To estimate the performance of Ally on real hardware instead of QEMU emulated hardware, we extended Linux with kernel software modifications that emulate Ally hardware extensions. We favor this evaluation approach over using an architectural simulator. This is because the additional latency of Ally's hardware operations such as MMIO redirection is small (Section 4.3), and so software emulation of these operations is likely to be conservative. In addition, architecture simulators are very slow, precluding accurate evaluation for realistic workloads having non-trivial runtimes. In contrast, our approach enables accurate evaluation of Ally performance for realistic workloads while fully incorporating the software and hardware complexity of a real system.

Our prototype extends Linux 2.6.28.7 running on an Intel Core 2 Duo (2GHz) and an Intel PRO/1000 gigabit Ethernet card. The prototype emulates core sequestration by pinning all the OS activity on one core with Linux CPUSETS, and the DPI environment on the other core. It is configured to direct NIC interrupts to the DPI core, and we manually inserted instructions into the NIC driver source code to generate IPIs when virtualized registers are accessed. Another change is for the NIC driver to notify the DPI application when the DPI core receives an IPI. This requires sending a Netlink message from kernel to user space. This somewhat violates the isolation property since the DPI core uses the Netlink Service provided by the Linux kernel. However, further investigation shows that this adds almost no overhead to the Linux kernel. In this way, the prototype emulates in software the redirection of the accesses to the NIC registers that would be provided in the Ally hardware by the modified MMU. The prototype provides timing-faithful results not possible to obtain with QEMU.

To evaluate Ally in the context of real packet inspection software, we deployed Snort (www.snort.org) on the DPI core. Snort is a popular open source Intrusion Detection/Prevention System. All packets intercepted on the DPI core are processed by Snort before being forwarded to the NIC or the OS core. We modified Snort for Ally to use our kernel-user communication mechanism described in Section 4.4.

While Ally can use an arbitrary number of cores, we limited experiments to one core for DPI. This is due to the single threaded nature of Snort. Parallelization techniques could be used to enable multicore scalability of Snort, but this is out of the scope of this paper.

We compare our prototype, Ally, with two alternative systems. The first, Linux, deploys Snort on unmodified Linux. Linux is configured such that NIC interrupts and Snort are pinned on one core ("DPI core"), while all other activities are pinned on a second core ("OS core").
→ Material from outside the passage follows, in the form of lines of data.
lemma tendsto_picard_iterate_integral_solution:
  assumes "integral_solution F y0 z" and "0 \<le> t"
  shows "(\<lambda>n. picard_iterate F y0 n t) \<longlonglongrightarrow> z t"
proof -
  have "(\<lambda>n. picard_iterate F y0 n t - z t) \<longlonglongrightarrow> 0"
  proof (rule Lim_null_comparison)
    show "\<forall>\<^sub>F n in sequentially. norm (picard_iterate F y0 n t - z t) \<le> picard_bound n t"
      using norm_integral_solution_picard_iterate_diff_le[OF assms]
      by (simp add: norm_minus_commute)
    show "(\<lambda>n. picard_bound n t) \<longlonglongrightarrow> 0"
      using summable_picard_bound[OF \<open>0 \<le> t\<close>] by (rule summable_LIMSEQ_zero)
  qed
  then show ?thesis by (rule LIM_zero_cancel)
qed

definition picard_limit :: "'v \<Rightarrow> real \<Rightarrow> 'v" where
  "picard_limit y0 t = y0 + (\<Sum>i. picard_iterate F y0 (Suc i) t - picard_iterate F y0 i t)"

lemma uniform_limit_picard_iterate:
  assumes "0 \<le> T"
  shows "uniform_limit {0..T} (picard_iterate F y0) (picard_limit y0) sequentially"
proof -
  have "uniform_limit {0..T} (\<lambda>n t. \<Sum>i<n. picard_iterate F y0 (Suc i) t - picard_iterate F y0 i t)
      (\<lambda>t. \<Sum>i. picard_iterate F y0 (Suc i) t - picard_iterate F y0 i t) sequentially"
  proof (rule Weierstrass_m_test[OF _ summable_picard_bound[OF assms]])
    fix n t assume "t \<in> {0..T}"
    then have "norm (picard_iterate F y0 (Suc n) t - picard_iterate F y0 n t) \<le> picard_bound n t"
      by (intro norm_picard_iterate_Suc_diff_le) simp
    also have "\<dots> \<le> picard_bound n T"
      using \<open>t \<in> {0..T}\<close> by (intro picard_bound_mono) auto
    finally show "norm (picard_iterate F y0 (Suc n) t - picard_iterate F y0 n t) \<le> picard_bound n T" .
  qed
  then have "uniform_limit {0..T}
      (\<lambda>n t. y0 + (\<Sum>i<n. picard_iterate F y0 (Suc i) t - picard_iterate F y0 i t))
      (picard_limit y0) sequentially"
    unfolding picard_limit_def by (intro uniform_limit_intros)
  moreover have "y0 + (\<Sum>i<n. picard_iterate F y0 (Suc i) t - picard_iterate F y0 i t)
      = picard_iterate F y0 n t" for n t
    by (subst sum_lessThan_telescope) simp
  ultimately show ?thesis
    by simp
qed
We stress that this Linux system is not a viable alternative to Ally since it provides no transparency whatsoever. We use it only to verify that Ally does not increase processing costs significantly compared to native Linux, and to evaluate the benefits of Ally's user-kernel interaction mechanism. For the second system, Xen, we deployed two virtual machines (VMs), Dom0 and DomU. Each domain has one virtual CPU (VCPU). Snort runs in Dom0, which intercepts all packets to/from DomU. The Dom0 VCPU acts as DPI core while the DomU VCPU acts as OS core. Since the number of VCPUs is equal to the number of physical cores, we use core pinning between virtual and physical CPU to avoid performance loss due to VCPU scheduling, context switching and migration. In addition, Dom0 and DomU are paravirtualized (PV) domains, which continue to provide higher performance than fully virtualized (HVM) domains even with modern hardware support for virtualization. The resulting configuration with VCPU pinning and PV domains is arguably the most efficient setting we can use in the current Xen implementation.
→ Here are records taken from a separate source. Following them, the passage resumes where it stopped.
lemma pair_pmf_Pi_pmf:
  assumes "finite A"
  shows "pair_pmf (Pi_pmf A d p) (Pi_pmf A e q) =
           map_pmf (\<lambda>h. (fst \<circ> h, snd \<circ> h)) (Pi_pmf A (d, e) (\<lambda>x. pair_pmf (p x) (q x)))"
proof (rule pmf_eqI)
  fix fg :: "('a \<Rightarrow> 'b) \<times> ('a \<Rightarrow> 'c)"
  obtain f g where fg: "fg = (f, g)" by fastforce
  have inj: "inj (\<lambda>h. (fst \<circ> h, snd \<circ> h))"
    by (rule injI) (auto simp: fun_eq_iff prod_eq_iff)
  have "pmf (map_pmf (\<lambda>h. (fst \<circ> h, snd \<circ> h)) (Pi_pmf A (d, e) (\<lambda>x. pair_pmf (p x) (q x)))) fg
      = pmf (Pi_pmf A (d, e) (\<lambda>x. pair_pmf (p x) (q x))) (\<lambda>x. (f x, g x))"
    using pmf_map_inj'[OF inj, of _ "\<lambda>x. (f x, g x)"] by (simp add: fg o_def)
  also have "\<dots> = pmf (pair_pmf (Pi_pmf A d p) (Pi_pmf A e q)) fg"
    using assms by (auto simp: fg pmf_pair pmf_Pi prod.distrib)
  finally show "pmf (pair_pmf (Pi_pmf A d p) (Pi_pmf A e q)) fg =
      pmf (map_pmf (\<lambda>h. (fst \<circ> h, snd \<circ> h)) (Pi_pmf A (d, e) (\<lambda>x. pair_pmf (p x) (q x)))) fg" ..
qed

lemma Pi_pmf_bernoulli_conj:
  assumes "finite A" "p \<in> {0..1}" "q \<in> {0..1}"
  shows "map_pmf (\<lambda>(f, g) x. f x \<and> g x)
           (pair_pmf (Pi_pmf A False (\<lambda>_. bernoulli_pmf p)) (Pi_pmf A False (\<lambda>_. bernoulli_pmf q)))
         = Pi_pmf A False (\<lambda>_. bernoulli_pmf (p * q))"
proof -
  have "Pi_pmf A False (\<lambda>_. bernoulli_pmf (p * q))
      = Pi_pmf A False (\<lambda>_. map_pmf (\<lambda>(a, b). a \<and> b) (pair_pmf (bernoulli_pmf p) (bernoulli_pmf q)))"
    using assms by (simp add: bernoulli_pmf_conj)
  also have "\<dots> = map_pmf (\<lambda>h. (\<lambda>(a, b). a \<and> b) \<circ> h)
                    (Pi_pmf A (False, False) (\<lambda>_. pair_pmf (bernoulli_pmf p) (bernoulli_pmf q)))"
    using assms by (intro Pi_pmf_map) auto
  finally show ?thesis
    using assms by (simp add: pair_pmf_Pi_pmf pmf.map_comp o_def case_prod_unfold)
qed

lemma Pi_pmf_Times_column:
  assumes "finite I" "finite J" "j \<in> J"
  shows "map_pmf (\<lambda>f i. f (i, j)) (Pi_pmf (I \<times> J) d (\<lambda>_. P)) = Pi_pmf I d (\<lambda>_. P)"
proof -
  have "bij_betw (\<lambda>i. (i, j)) I (I \<times> {j})" by (auto simp: bij_betw_def inj_on_def)
  then have "Pi_pmf I d (\<lambda>_. P) = map_pmf (\<lambda>g. g \<circ> (\<lambda>i. (i, j))) (Pi_pmf (I \<times> {j}) d (\<lambda>_. P))"
    using assms by (intro Pi_pmf_bij_betw) auto
  also have "Pi_pmf (I \<times> {j}) d (\<lambda>_. P)
      = map_pmf (\<lambda>f x. if x \<in> I \<times> {j} then f x else d) (Pi_pmf (I \<times> J) d (\<lambda>_. P))"
    using assms by (intro Pi_pmf_subset) auto
  also have "map_pmf (\<lambda>g. g \<circ> (\<lambda>i. (i, j))) \<dots> = map_pmf (\<lambda>f i. f (i, j)) (Pi_pmf (I \<times> J) d (\<lambda>_. P))"
    unfolding pmf.map_comp
  proof (intro map_pmf_cong refl)
    fix f
    assume "f \<in> set_pmf (Pi_pmf (I \<times> J) d (\<lambda>_. P))"
    then have "f (i, j) = d" if "i \<notin> I" for i
      using set_Pi_pmf_subset[of "I \<times> J" d] assms that by auto
    then show "((\<lambda>g. g \<circ> (\<lambda>i. (i, j))) \<circ> (\<lambda>f x. if x \<in> I \<times> {j} then f x else d)) f = (\<lambda>f i. f (i, j)) f"
      by (auto simp: fun_eq_iff)
  qed
  finally show ?thesis ..
qed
Figure 5 shows the throughput achieved by Ally, Linux, and Xen for the Netperf benchmarks. For the streaming workloads, the DPI core is saturated for all three systems and limits the achieved throughput. For Ally and Linux this is mainly a result of choosing a highly CPU-intensive ruleset for Snort as our example use case. Less CPU-intensive packet processing use cases - e.g., passive monitoring, load balancing - would likely achieve full line rate bandwidths. Ally achieves 25-32% higher throughput than Linux for the streaming benchmarks (TCP\_MAERTS and TCP\_STREAM), and both systems far exceed the performance of Xen. The low overhead of Ally's packet interception mechanism leaves more CPU cycles available for Snort to process packets when the DPI core is saturated. In contrast, the transaction rate in TCP\_RR is limited by the round-trip latency instead of the CPU cycles Snort can consume. Ally's queue virtualization adds a small delay to the transmit and receive paths compared to Linux. As a result, Ally achieves similar but



Figure 5: Throughput for Ally, Linux, and Xen running with Snort. Throughput is in Mb/s for TCP\_MAERTS and TCP\_STREAM, left y-axis, while TCP\_RR uses transactions/s, right y-axis

slightly lower TCP\_RR transaction rates than Linux, and both systems significantly outperform Xen.
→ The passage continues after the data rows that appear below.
(* Assume that the hairpin completion $\mathcal{H}_k(L_1,L_2)$ is regular and that every state of the NFA $\mathcal{A}$ is reachable from an initial state and can reach a final state. Let $\kappa$ be a non-trivial strongly connected component of $\mathcal{A}$ with $N_\kappa$ states, let $A\in\kappa$ and let $A\xrightarrow{v_A}A$ be a path in $\kappa$ with $1\le|v_A|\le N_\kappa$, and let $A\xrightarrow{w}F$ be a path in $\mathcal{A}$ from $A$ to a final state $F$. Then $w$ is a prefix of some word in $v_A^+$. In addition, the word $v_A$ is uniquely determined by the conditions $A\xrightarrow{v_A}A$ and $1\le|v_A|\le N_\kappa$; the loop $A\xrightarrow{v_A}A$ visits every other state $B\in\kappa$ exactly once, so it forms a Hamiltonian cycle of $\kappa$, and $|v_A|=N_\kappa$.
   Context: $\Sigma$ is a finite alphabet with involution $a\mapsto\overline a$ (bijection, $\overline{\overline a}=a$), extended to words by $\overline{a_1\cdots a_m}=\overline{a_m}\cdots\overline{a_1}$ and to languages elementwise. $k\ge1$ is a fixed integer, $[k]=\{0,\dots,k\}$. $\mathcal{H}_k(L_1,L_2)=\{\gamma\alpha\beta\overline\alpha\overline\gamma: (\gamma\alpha\beta\overline\alpha\in L_1\text{ or }\alpha\beta\overline\alpha\overline\gamma\in L_2),\ |\alpha|=k\}$. $\mathcal{A}_1$ is a complete DFA accepting $L_1$ (states $\mathcal{Q}_1$, initial $q_{01}$, final $\mathcal{F}_1$); $\mathcal{A}_2$ a complete DFA accepting $\overline{L_2}$ (states $\mathcal{Q}_2$, initial $q_{02}$, final $\mathcal{F}_2$); $p\cdot w$ is the state reached from $p$ reading $w$. $\mathcal{Q}=\{(q_{01}\cdot w,q_{02}\cdot w): w\in\Sigma^*\}$, $P\cdot a=(p_1\cdot a,p_2\cdot a)$. A quadruple $(p_1,p_2,q_1,q_2)$ is a bridge if $\{\beta: p_1\cdot\beta=q_1,\ p_2\cdot\overline\beta=q_2\}\neq\emptyset$. The NFA $\mathcal{A}$ has states $((p_1,p_2),q_1,q_2,\ell)$ with $(p_1,p_2)\in\mathcal{Q}$, $\ell\in[k]$, $(p_1,p_2,q_1,q_2)$ a bridge; $a$-transitions (present when both endpoints are states): $(P,q_1\cdot\overline a,q_2\cdot\overline a,0)\xrightarrow{a}(P\cdot a,q_1,q_2,0)$ if $q_1\cdot\overline a\notin\mathcal{F}_1$ and $q_2\cdot\overline a\notin\mathcal{F}_2$; $(P,q_1\cdot\overline a,q_2\cdot\overline a,0)\xrightarrow{a}(P\cdot a,q_1,q_2,1)$ if $q_1\cdot\overline a\in\mathcal{F}_1$ or $q_2\cdot\overline a\in\mathcal{F}_2$; $(P,q_1\cdot\overline a,q_2\cdot\overline a,\ell)\xrightarrow{a}(P\cdot a,q_1,q_2,\ell+1)$ for $1\le\ell<k$. Initial states: $((q_{01},q_{02}),q_1',q_2',0)$; final states: all states at level $k$. A strongly connected component of $\mathcal{A}$ (as a directed graph) is non-trivial if it contains a path of length $\ge1$ from a state to itself. *)

theory Defs
  imports Main "HOL-Library.Sublist"
begin

definition dstar :: "('q \<Rightarrow> 'a \<Rightarrow> 'q) \<Rightarrow> 'q \<Rightarrow> 'a list \<Rightarrow> 'q" where
  "dstar d p w = foldl d p w"

definition dlang :: "('q \<Rightarrow> 'a \<Rightarrow> 'q) \<Rightarrow> 'q \<Rightarrow> 'q set \<Rightarrow> 'a list set" where
  "dlang d q0 F = {w. dstar d q0 w \<in> F}"

definition wbar :: "('a \<Rightarrow> 'a) \<Rightarrow> 'a list \<Rightarrow> 'a list" where
  "wbar iv w = rev (map iv w)"

definition regular :: "'a list set \<Rightarrow> bool" where
  "regular L \<longleftrightarrow> (\<exists>(d :: nat \<Rightarrow> 'a \<Rightarrow> nat) q0 F Q.
      finite Q \<and> q0 \<in> Q \<and> (\<forall>q\<in>Q. \<forall>a. d q a \<in> Q) \<and> L = dlang d q0 F)"

definition hairpin :: "('a \<Rightarrow> 'a) \<Rightarrow> nat \<Rightarrow> 'a list set \<Rightarrow> 'a list set \<Rightarrow> 'a list set" where
  "hairpin iv k L1 L2 = {\<gamma> @ \<alpha> @ \<beta> @ wbar iv \<alpha> @ wbar iv \<gamma> | \<gamma> \<alpha> \<beta>.
      length \<alpha> = k \<and> (\<gamma> @ \<alpha> @ \<beta> @ wbar iv \<alpha> \<in> L1 \<or> \<alpha> @ \<beta> @ wbar iv \<alpha> @ wbar iv \<gamma> \<in> L2)}"

definition qpairs :: "('q1 \<Rightarrow> 'a \<Rightarrow> 'q1) \<Rightarrow> 'q1 \<Rightarrow> ('q2 \<Rightarrow> 'a \<Rightarrow> 'q2) \<Rightarrow> 'q2 \<Rightarrow> ('q1 \<times> 'q2) set" where
  "qpairs d1 q01 d2 q02 = {(dstar d1 q01 w, dstar d2 q02 w) | w. True}"

definition bridge :: "('a \<Rightarrow> 'a) \<Rightarrow> ('q1 \<Rightarrow> 'a \<Rightarrow> 'q1) \<Rightarrow> ('q2 \<Rightarrow> 'a \<Rightarrow> 'q2)
    \<Rightarrow> 'q1 \<Rightarrow> 'q2 \<Rightarrow> 'q1 \<Rightarrow> 'q2 \<Rightarrow> bool" where
  "bridge iv d1 d2 p1 p2 q1 q2 \<longleftrightarrow>
     (\<exists>\<beta>. dstar d1 p1 \<beta> = q1 \<and> dstar d2 p2 (wbar iv \<beta>) = q2)"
To better understand the reasons behind these high-level performance results, we used OProfile to analyze the breakdown of CPU processing cost on each core, as described next.

#### 5.3 Per-Core Processing Costs

Figure 6 shows the CPU cycles consumed on DPI core and OS core to process each packet on each system for the three Netperf benchmarks. Since Snort is the only user-level process running on the DPI core, we further divide DPI core cycles into DPI (user) and DPI (kernel) to explicitly show Snort overhead. The results show that Snort (i.e. DPI-user) consumes a similar number of cycles per packet across the three systems. Thus, Snort performs about the same amount of work per packet in all three systems. Further studies (not shown) revealed that most cycles are consumed by Snort's pattern matching algorithm, which is used to compare the packet payload against all rules. Snort consumes the majority of CPU cycles in TCP\_MAERTS and TCP\_STREAM since many packets with large payload are inspected. In contrast, for TCP\_RR, only one small packet is inspected at a time.

The three systems have significantly different processing costs for DPI (kernel) and OS core. Ally and Linux have roughly similar OS core costs which are much lower than for Xen. Ally has lower DPI (kernel) costs than Linux and Xen for all three benchmarks.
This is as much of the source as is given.